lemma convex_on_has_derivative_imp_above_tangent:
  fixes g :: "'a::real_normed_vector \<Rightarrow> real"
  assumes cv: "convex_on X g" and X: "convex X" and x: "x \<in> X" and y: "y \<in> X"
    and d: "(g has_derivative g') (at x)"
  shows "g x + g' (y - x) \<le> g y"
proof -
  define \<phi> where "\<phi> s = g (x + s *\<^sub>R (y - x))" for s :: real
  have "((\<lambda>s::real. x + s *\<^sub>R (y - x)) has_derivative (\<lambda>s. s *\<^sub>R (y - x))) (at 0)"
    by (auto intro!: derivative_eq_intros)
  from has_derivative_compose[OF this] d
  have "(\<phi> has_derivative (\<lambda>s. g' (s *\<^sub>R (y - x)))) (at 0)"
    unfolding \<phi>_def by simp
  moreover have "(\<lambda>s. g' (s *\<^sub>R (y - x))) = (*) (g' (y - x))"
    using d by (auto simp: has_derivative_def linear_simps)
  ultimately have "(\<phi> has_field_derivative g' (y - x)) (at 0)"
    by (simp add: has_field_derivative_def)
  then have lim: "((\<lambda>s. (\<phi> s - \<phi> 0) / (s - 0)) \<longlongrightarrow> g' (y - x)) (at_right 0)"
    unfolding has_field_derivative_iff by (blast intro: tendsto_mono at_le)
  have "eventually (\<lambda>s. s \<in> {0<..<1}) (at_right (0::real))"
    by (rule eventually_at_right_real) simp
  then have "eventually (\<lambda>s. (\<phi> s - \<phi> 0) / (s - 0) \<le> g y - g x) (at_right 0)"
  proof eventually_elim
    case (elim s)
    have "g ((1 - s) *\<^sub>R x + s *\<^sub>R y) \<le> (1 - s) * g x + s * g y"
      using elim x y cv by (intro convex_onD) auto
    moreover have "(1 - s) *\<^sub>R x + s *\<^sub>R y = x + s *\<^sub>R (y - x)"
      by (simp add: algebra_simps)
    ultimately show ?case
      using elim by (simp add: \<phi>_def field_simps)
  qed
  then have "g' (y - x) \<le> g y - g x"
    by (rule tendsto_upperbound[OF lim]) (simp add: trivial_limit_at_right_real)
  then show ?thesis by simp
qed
---
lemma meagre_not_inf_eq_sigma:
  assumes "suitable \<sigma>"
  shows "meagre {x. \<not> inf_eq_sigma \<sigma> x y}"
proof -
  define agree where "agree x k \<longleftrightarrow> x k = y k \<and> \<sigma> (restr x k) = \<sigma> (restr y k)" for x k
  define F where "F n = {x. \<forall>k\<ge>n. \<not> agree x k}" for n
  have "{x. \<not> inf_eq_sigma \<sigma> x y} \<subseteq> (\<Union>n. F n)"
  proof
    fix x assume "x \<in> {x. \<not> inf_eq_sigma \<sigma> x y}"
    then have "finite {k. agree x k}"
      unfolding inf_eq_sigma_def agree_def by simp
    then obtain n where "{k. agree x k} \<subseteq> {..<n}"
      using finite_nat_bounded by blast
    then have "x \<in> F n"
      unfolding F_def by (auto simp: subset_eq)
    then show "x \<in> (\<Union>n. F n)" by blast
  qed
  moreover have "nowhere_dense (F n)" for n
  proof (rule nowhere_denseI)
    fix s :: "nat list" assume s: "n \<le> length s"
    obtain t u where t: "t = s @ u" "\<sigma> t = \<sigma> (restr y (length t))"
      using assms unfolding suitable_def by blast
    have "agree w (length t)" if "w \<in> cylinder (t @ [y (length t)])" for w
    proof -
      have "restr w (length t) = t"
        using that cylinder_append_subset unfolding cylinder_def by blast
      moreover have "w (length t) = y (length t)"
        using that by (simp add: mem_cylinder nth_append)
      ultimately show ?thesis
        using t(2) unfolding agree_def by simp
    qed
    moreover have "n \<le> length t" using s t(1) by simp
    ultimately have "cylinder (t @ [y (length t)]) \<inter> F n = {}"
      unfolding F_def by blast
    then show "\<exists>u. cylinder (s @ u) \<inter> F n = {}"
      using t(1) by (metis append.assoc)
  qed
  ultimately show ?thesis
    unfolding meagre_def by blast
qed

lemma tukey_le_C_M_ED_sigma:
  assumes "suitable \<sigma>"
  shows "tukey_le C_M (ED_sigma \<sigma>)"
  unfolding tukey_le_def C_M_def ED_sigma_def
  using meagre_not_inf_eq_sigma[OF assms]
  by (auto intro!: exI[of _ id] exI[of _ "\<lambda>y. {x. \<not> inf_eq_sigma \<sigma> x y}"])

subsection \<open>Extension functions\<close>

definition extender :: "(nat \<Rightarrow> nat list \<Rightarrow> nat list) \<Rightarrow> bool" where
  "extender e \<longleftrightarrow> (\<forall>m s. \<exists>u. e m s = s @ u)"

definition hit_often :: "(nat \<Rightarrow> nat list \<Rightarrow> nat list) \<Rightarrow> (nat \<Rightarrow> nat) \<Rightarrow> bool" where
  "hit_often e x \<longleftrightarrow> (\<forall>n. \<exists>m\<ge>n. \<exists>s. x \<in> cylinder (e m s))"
--
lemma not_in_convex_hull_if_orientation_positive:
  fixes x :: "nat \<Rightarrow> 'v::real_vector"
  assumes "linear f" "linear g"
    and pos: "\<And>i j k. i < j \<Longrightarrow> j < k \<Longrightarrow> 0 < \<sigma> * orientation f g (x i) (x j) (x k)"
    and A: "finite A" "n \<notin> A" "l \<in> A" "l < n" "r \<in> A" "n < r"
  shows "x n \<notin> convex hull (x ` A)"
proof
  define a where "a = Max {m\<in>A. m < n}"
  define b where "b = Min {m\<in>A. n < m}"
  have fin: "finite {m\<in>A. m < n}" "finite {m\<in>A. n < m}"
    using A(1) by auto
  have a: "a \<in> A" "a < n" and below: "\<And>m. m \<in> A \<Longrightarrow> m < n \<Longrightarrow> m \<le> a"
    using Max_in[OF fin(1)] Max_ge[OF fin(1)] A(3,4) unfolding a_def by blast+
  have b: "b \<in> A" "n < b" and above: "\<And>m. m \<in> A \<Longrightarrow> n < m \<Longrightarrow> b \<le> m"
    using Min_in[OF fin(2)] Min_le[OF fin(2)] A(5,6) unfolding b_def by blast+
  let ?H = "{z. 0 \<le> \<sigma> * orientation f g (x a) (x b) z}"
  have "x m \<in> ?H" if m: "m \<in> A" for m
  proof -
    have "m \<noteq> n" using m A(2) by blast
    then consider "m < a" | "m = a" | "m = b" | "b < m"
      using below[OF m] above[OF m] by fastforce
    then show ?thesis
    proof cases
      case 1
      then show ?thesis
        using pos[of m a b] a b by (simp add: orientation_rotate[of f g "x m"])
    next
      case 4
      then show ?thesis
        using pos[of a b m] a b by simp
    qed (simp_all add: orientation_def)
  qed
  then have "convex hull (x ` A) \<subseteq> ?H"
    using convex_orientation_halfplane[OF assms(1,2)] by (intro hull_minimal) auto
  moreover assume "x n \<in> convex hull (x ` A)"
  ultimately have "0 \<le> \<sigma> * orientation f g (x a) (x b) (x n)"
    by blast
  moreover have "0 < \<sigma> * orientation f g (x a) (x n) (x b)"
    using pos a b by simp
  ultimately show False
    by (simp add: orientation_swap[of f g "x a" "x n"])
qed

What you are asked to do: In the entries above, find lines with "extender" and copy each.

Written solution:
definition extender :: "(nat \<Rightarrow> nat list \<Rightarrow> nat list) \<Rightarrow> bool" where
  "extender e \<longleftrightarrow> (\<forall>m s. \<exists>u. e m s = s @ u)"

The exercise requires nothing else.